(* Let $G=(V,E)$ be $(2,2)$-$C_i$-tight and let $v\in V$ have degree 3 with $N(v)\cap N(v')=\emptyset$. Then either $G[N(v)\cup\{v\}]\cong K_4$, or there exist $x,y\in N(v)$ with $xy\notin E$ such that $G-\{v,v'\}+\{xy,x'y'\}$ is $(2,2)$-$C_i$-tight.
   Context: A $\mathbb{Z}_2$-symmetric graph is a finite simple graph $G=(V,E)$ with an automorphism $\theta$, $\theta^2=\mathrm{id}$; write $v'=\theta(v)$. A vertex is fixed if $v'=v$; an edge $uv$ is fixed if $\{u',v'\}=\{u,v\}$. $G$ is $(2,2)$-sparse if every subgraph $(V',E')$ with $V'\ne\emptyset$ has $|E'|\le2|V'|-2$, $(2,2)$-tight if also $|E|=2|V|-2$. $G$ is $(2,2)$-$C_i$-tight if it is $(2,2)$-tight and $\theta$ fixes no vertex and no edge. $N(v)$ is the set of neighbours of $v$; $G-\{v,v'\}+\{xy,x'y'\}$ denotes deleting $v,v'$ and adding edges $xy,x'y'$, with the restricted involution. *)

theory Defs
  imports Main
begin

definition simple_graph :: "'a set \<Rightarrow> 'a set set \<Rightarrow> bool" where
  "simple_graph V E \<longleftrightarrow> finite V \<and>
     (\<forall>e\<in>E. \<exists>u v. u \<noteq> v \<and> u \<in> V \<and> v \<in> V \<and> e = {u, v})"

definition z2_symmetric :: "'a set \<Rightarrow> 'a set set \<Rightarrow> ('a \<Rightarrow> 'a) \<Rightarrow> bool" where
  "z2_symmetric V E \<theta> \<longleftrightarrow> simple_graph V E \<and>
     (\<forall>v\<in>V. \<theta> v \<in> V \<and> \<theta> (\<theta> v) = v) \<and>
     (\<forall>u\<in>V. \<forall>v\<in>V. {u, v} \<in> E \<longleftrightarrow> {\<theta> u, \<theta> v} \<in> E)"

definition sparse22 :: "'a set \<Rightarrow> 'a set set \<Rightarrow> bool" where
  "sparse22 V E \<longleftrightarrow> (\<forall>V' E'. V' \<subseteq> V \<and> V' \<noteq> {} \<and> E' \<subseteq> E \<and> (\<forall>e\<in>E'. e \<subseteq> V')
       \<longrightarrow> int (card E') \<le> 2 * int (card V') - 2)"

definition tight22 :: "'a set \<Rightarrow> 'a set set \<Rightarrow> bool" where
  "tight22 V E \<longleftrightarrow> sparse22 V E \<and> int (card E) = 2 * int (card V) - 2"

definition Ci_tight22 :: "'a set \<Rightarrow> 'a set set \<Rightarrow> ('a \<Rightarrow> 'a) \<Rightarrow> bool" where
  "Ci_tight22 V E \<theta> \<longleftrightarrow> z2_symmetric V E \<theta> \<and> tight22 V E \<and>
     (\<forall>v\<in>V. \<theta> v \<noteq> v) \<and> (\<forall>e\<in>E. \<theta> ` e \<noteq> e)"

definition nbhd :: "'a set \<Rightarrow> 'a set set \<Rightarrow> 'a \<Rightarrow> 'a set" where
  "nbhd V E v = {u \<in> V. {v, u} \<in> E}"

definition induced_K4 :: "'a set set \<Rightarrow> 'a set \<Rightarrow> bool" where
  "induced_K4 E S \<longleftrightarrow> card S = 4 \<and> (\<forall>a\<in>S. \<forall>b\<in>S. a \<noteq> b \<longrightarrow> {a, b} \<in> E)"

text \<open>G - {v,v'} + {xy, x'y'} (vertex set and edge set; involution is restricted).\<close>
definition red_V :: "'a set \<Rightarrow> ('a \<Rightarrow> 'a) \<Rightarrow> 'a \<Rightarrow> 'a set" where
  "red_V V \<theta> v = V - {v, \<theta> v}"

definition red_E :: "'a set set \<Rightarrow> ('a \<Rightarrow> 'a) \<Rightarrow> 'a \<Rightarrow> 'a \<Rightarrow> 'a \<Rightarrow> 'a set set" where
  "red_E E \<theta> v x y = {e \<in> E. v \<notin> e \<and> \<theta> v \<notin> e} \<union> {{x, y}, {\<theta> x, \<theta> y}}"

end

theory Submission
  imports Defs "HOL-Library.Disjoint_Sets" "HOL-Library.Z2"
begin

text \<open>
  If the reduction \<open>G - {v,v'} + {xy, x'y'}\<close> is not \<open>(2,2)\<close>-\<open>C\<^sub>i\<close>-tight, then, since edge
  count and symmetry are automatic, it violates sparsity, and some tight set of \<open>G\<close> avoiding \<open>v\<close>
  contains both \<open>x\<close> and \<open>y\<close>. Indeed, a violating set \<open>X\<close> spans \<open>xy\<close> or \<open>x'y'\<close>. If it spans only
  one of them, \<open>X\<close> or \<open>\<theta>(X)\<close> is tight. If it spans both, \<open>X\<close> is one edge short of tight, and
  either \<open>X \<inter> \<theta>(X)\<close> is tight or, by supermodularity of the induced edge count, \<open>X \<union> \<theta>(X)\<close> is
  one edge short of tight; being \<open>\<theta>\<close>-invariant with \<open>\<theta>\<close> fixing no edge, it spans an even number of
  edges and hence is tight.

  If this happens for every non-adjacent pair of neighbours of \<open>v\<close> and \<open>N(v)\<close> is not a clique,
  then, as tight sets sharing a vertex have a tight union and a vertex with two neighbours in a
  tight set can be added to it, some tight set avoiding \<open>v\<close> contains all three neighbours of \<open>v\<close>;
  adding \<open>v\<close> then violates sparsity.
\<close>

definition induced_edges :: "'a set set \<Rightarrow> 'a set \<Rightarrow> 'a set set" where
  "induced_edges E X = {e \<in> E. e \<subseteq> X}"

definition tight_set :: "'a set \<Rightarrow> 'a set set \<Rightarrow> 'a set \<Rightarrow> bool" where
  "tight_set V E T \<longleftrightarrow> T \<subseteq> V \<and> T \<noteq> {} \<and> int (card (induced_edges E T)) = 2 * int (card T) - 2"

lemma induced_edges_insert:
  "induced_edges (insert e F) X = (if e \<subseteq> X then insert e (induced_edges F X) else induced_edges F X)"
  unfolding induced_edges_def by auto

lemma even_card_if_fixpoint_free_involution:
  assumes "finite A" "\<And>a. a \<in> A \<Longrightarrow> g a \<in> A" "\<And>a. a \<in> A \<Longrightarrow> g (g a) = a"
    "\<And>a. a \<in> A \<Longrightarrow> g a \<noteq> a"
  shows "even (card A)"
proof -
  have "(\<Sum>a\<in>A. 1 :: bit) = 0"
    by (rule sum_involution_eq_0[where h = g]) (use assms in auto)
  then have "even (of_nat (card A) :: bit)"
    by simp
  then show ?thesis
    by (simp only: even_of_nat)
qed

locale graph =
  fixes V :: "'a set" and E :: "'a set set"
  assumes simple: "simple_graph V E"
begin

lemma finite_V: "finite V"
  using simple unfolding simple_graph_def by blast

lemma edgeE:
  assumes "e \<in> E"
  obtains a b where "a \<noteq> b" "a \<in> V" "b \<in> V" "e = {a, b}"
  using simple assms unfolding simple_graph_def by blast

lemma edge_subset: "e \<in> E \<Longrightarrow> e \<subseteq> V"
  by (blast elim: edgeE)

lemma finite_E: "finite E"
  using finite_V edge_subset by (meson PowI finite_Pow_iff finite_subset subsetI)

lemma finite_induced_edges: "finite (induced_edges E X)"
  unfolding induced_edges_def using finite_E by simp

lemma nbhd_subset: "nbhd V E w \<subseteq> V"
  unfolding nbhd_def by blast

lemma not_in_own_nbhd: "w \<notin> nbhd V E w"
  unfolding nbhd_def by (auto elim: edgeE simp: doubleton_eq_iff)

lemma card_incident_edges: "card {e \<in> E. w \<in> e} = card (nbhd V E w)"
proof -
  have "{e \<in> E. w \<in> e} = (\<lambda>u. {w, u}) ` nbhd V E w"
  proof
    show "{e \<in> E. w \<in> e} \<subseteq> (\<lambda>u. {w, u}) ` nbhd V E w"
    proof
      fix e assume "e \<in> {e \<in> E. w \<in> e}"
      then have "e \<in> E" "w \<in> e"
        by auto
      then obtain a b where "a \<in> V" "b \<in> V" "e = {a, b}"
        by (blast elim: edgeE)
      then have "e = {w, if a = w then b else a}" "(if a = w then b else a) \<in> V"
        using \<open>w \<in> e\<close> by auto
      then show "e \<in> (\<lambda>u. {w, u}) ` nbhd V E w"
        using \<open>e \<in> E\<close> unfolding nbhd_def by blast
    qed
  qed (auto simp: nbhd_def)
  moreover have "inj_on (\<lambda>u. {w, u}) (nbhd V E w)"
    using not_in_own_nbhd by (auto intro!: inj_onI simp: doubleton_eq_iff)
  ultimately show ?thesis
    by (simp add: card_image)
qed

lemma card_induced_edges_Un_Int:
  "card (induced_edges E X) + card (induced_edges E Y)
     \<le> card (induced_edges E (X \<union> Y)) + card (induced_edges E (X \<inter> Y))"
proof -
  have "induced_edges E (X \<inter> Y) = induced_edges E X \<inter> induced_edges E Y"
    unfolding induced_edges_def by auto
  then have "card (induced_edges E X) + card (induced_edges E Y)
      = card (induced_edges E X \<union> induced_edges E Y) + card (induced_edges E (X \<inter> Y))"
    using card_Un_Int[OF finite_induced_edges finite_induced_edges] by simp
  moreover have "induced_edges E X \<union> induced_edges E Y \<subseteq> induced_edges E (X \<union> Y)"
    unfolding induced_edges_def by auto
  then have "card (induced_edges E X \<union> induced_edges E Y) \<le> card (induced_edges E (X \<union> Y))"
    by (rule card_mono[OF finite_induced_edges])
  ultimately show ?thesis
    by linarith
qed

**Problem to work on**
In the listing above, find the line with "g a \<noteq>" and the line with "using simple unfolding"; set down exactly those two lines and every line between them, nothing more.

**Written answer**
    "\<And>a. a \<in> A \<Longrightarrow> g a \<noteq> a"
  shows "even (card A)"
proof -
  have "(\<Sum>a\<in>A. 1 :: bit) = 0"
    by (rule sum_involution_eq_0[where h = g]) (use assms in auto)
  then have "even (of_nat (card A) :: bit)"
    by simp
  then show ?thesis
    by (simp only: even_of_nat)
qed

locale graph =
  fixes V :: "'a set" and E :: "'a set set"
  assumes simple: "simple_graph V E"
begin

lemma finite_V: "finite V"
  using simple unfolding simple_graph_def by blast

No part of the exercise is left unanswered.